(TRY IT) Count how many lines of the material contain the string "diagonal", then give that number and nothing more.

(DATA PROVIDED)
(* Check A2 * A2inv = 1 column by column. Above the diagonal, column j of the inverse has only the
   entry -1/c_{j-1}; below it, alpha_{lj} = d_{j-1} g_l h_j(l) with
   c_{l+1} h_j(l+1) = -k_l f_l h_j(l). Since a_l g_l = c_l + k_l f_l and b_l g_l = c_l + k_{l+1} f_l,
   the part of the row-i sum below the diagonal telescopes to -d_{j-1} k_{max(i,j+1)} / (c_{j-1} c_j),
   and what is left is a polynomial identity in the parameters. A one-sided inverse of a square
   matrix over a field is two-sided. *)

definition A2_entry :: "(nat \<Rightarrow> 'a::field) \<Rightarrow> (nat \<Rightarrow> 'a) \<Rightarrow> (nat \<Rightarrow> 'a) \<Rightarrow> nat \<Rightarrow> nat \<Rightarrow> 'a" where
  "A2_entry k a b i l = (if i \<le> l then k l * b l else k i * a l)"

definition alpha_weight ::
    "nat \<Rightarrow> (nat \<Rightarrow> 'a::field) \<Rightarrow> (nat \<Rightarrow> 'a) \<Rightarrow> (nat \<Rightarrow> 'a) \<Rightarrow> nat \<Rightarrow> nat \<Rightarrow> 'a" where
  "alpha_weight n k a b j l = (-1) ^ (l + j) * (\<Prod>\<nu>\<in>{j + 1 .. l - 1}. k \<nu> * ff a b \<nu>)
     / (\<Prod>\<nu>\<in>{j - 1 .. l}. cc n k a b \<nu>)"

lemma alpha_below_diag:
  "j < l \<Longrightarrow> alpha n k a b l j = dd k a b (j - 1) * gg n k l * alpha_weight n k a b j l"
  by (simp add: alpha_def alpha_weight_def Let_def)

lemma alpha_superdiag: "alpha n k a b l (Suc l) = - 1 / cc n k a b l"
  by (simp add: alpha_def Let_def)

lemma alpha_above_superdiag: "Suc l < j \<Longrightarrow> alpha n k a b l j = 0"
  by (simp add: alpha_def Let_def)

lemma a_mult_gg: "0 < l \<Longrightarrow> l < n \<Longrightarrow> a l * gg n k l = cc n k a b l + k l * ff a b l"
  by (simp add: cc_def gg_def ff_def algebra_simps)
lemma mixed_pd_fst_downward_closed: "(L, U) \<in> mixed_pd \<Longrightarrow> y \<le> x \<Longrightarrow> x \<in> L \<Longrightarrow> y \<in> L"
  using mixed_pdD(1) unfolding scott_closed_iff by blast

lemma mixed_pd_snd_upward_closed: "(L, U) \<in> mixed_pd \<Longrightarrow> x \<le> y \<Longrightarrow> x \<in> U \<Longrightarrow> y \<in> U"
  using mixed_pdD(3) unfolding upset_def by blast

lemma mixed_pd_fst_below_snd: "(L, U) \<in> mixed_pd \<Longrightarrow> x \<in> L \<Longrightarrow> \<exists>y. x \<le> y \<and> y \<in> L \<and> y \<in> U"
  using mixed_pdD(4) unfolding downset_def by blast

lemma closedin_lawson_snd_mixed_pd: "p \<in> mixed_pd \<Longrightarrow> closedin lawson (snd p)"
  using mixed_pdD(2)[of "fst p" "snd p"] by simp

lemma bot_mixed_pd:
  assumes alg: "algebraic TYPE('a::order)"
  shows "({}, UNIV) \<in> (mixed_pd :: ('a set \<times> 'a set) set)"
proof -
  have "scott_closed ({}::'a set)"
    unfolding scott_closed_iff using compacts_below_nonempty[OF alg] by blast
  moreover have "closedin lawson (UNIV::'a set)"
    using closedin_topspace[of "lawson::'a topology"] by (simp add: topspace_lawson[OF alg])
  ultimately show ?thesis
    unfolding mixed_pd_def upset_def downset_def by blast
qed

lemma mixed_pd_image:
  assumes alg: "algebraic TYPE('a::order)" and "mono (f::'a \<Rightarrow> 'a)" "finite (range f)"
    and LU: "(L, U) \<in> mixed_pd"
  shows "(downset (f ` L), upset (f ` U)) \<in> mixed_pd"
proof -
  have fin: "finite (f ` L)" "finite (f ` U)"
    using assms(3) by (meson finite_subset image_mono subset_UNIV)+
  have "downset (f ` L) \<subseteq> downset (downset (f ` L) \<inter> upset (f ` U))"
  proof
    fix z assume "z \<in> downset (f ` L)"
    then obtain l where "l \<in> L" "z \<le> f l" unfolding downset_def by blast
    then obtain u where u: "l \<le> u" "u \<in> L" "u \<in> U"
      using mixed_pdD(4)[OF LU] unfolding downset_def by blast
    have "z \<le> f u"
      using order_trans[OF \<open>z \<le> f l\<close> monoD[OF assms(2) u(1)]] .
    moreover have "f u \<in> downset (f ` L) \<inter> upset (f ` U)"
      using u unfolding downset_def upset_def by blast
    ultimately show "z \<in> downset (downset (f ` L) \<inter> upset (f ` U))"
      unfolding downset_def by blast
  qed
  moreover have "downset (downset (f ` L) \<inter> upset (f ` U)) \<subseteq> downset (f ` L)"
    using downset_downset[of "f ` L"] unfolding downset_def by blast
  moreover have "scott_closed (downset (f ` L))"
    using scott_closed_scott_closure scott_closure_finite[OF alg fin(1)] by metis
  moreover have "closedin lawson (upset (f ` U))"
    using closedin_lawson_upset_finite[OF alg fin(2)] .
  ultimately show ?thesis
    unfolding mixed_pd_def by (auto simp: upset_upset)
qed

(TASK RESULT) 2